**Task description**
Output, without alteration, the first line of the entries and each line after it, stopping with the line that contains "x + y)\<^sup>2".

____________________

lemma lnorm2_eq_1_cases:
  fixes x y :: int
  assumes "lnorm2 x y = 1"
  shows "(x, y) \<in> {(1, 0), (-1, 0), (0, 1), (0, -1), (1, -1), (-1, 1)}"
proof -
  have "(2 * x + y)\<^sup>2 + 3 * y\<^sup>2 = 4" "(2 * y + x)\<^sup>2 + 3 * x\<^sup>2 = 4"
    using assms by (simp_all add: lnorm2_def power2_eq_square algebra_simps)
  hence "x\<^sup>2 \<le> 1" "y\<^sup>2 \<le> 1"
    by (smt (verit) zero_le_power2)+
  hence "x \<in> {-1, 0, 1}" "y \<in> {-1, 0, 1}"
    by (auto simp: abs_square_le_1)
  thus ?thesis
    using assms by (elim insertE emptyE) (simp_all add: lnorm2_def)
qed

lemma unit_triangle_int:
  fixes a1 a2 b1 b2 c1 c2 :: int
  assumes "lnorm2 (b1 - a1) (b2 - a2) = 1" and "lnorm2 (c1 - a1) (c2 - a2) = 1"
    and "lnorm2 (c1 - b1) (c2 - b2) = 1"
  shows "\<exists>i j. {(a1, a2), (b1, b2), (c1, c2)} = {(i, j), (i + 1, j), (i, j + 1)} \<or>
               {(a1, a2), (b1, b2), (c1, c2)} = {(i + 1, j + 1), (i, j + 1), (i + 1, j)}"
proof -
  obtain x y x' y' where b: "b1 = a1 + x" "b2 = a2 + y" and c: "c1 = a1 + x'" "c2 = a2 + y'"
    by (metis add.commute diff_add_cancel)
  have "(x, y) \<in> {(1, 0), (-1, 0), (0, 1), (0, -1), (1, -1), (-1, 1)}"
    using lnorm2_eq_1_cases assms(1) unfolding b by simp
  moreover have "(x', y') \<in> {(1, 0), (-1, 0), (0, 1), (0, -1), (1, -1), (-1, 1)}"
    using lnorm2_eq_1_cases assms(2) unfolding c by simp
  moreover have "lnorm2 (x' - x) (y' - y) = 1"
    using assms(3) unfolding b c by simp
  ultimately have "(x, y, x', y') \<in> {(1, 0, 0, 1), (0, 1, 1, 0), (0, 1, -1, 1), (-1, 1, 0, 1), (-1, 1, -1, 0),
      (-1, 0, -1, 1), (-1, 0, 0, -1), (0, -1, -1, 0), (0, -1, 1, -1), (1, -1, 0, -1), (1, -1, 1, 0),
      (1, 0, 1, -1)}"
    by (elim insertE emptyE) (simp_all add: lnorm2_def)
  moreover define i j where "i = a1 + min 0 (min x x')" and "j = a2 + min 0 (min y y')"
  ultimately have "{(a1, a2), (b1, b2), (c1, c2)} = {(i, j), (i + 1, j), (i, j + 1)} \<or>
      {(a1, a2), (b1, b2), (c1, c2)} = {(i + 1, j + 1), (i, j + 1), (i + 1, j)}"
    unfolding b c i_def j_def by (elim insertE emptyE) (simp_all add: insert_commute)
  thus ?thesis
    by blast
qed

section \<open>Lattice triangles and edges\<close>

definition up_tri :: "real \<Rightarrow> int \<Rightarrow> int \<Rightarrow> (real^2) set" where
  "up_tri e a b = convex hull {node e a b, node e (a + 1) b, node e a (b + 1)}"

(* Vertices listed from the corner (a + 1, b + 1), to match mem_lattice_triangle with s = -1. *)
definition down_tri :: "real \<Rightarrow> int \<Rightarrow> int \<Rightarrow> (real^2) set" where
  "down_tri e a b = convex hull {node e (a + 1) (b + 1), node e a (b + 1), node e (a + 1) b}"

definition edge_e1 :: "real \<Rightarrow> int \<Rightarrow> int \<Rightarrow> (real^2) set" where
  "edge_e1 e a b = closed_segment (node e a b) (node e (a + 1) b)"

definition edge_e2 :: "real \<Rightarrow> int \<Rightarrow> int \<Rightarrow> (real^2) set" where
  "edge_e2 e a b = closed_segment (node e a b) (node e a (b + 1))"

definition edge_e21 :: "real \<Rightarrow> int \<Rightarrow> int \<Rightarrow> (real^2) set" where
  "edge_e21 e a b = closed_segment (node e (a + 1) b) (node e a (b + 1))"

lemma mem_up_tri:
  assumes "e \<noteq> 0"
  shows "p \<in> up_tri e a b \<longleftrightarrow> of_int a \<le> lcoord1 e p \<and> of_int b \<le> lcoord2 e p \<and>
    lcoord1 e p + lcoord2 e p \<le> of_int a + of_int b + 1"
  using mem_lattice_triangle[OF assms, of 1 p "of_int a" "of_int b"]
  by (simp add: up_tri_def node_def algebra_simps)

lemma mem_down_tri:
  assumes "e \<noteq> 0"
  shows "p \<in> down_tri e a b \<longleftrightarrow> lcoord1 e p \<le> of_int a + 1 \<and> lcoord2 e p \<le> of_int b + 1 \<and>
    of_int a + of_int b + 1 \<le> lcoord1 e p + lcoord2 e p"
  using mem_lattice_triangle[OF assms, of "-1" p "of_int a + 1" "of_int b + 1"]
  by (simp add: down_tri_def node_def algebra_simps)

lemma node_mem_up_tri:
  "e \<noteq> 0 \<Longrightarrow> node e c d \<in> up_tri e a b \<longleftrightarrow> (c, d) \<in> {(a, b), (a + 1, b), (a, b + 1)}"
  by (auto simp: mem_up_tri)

____________________

**Exercise result**
lemma lnorm2_eq_1_cases:
  fixes x y :: int
  assumes "lnorm2 x y = 1"
  shows "(x, y) \<in> {(1, 0), (-1, 0), (0, 1), (0, -1), (1, -1), (-1, 1)}"
proof -
  have "(2 * x + y)\<^sup>2 + 3 * y\<^sup>2 = 4" "(2 * y + x)\<^sup>2 + 3 * x\<^sup>2 = 4"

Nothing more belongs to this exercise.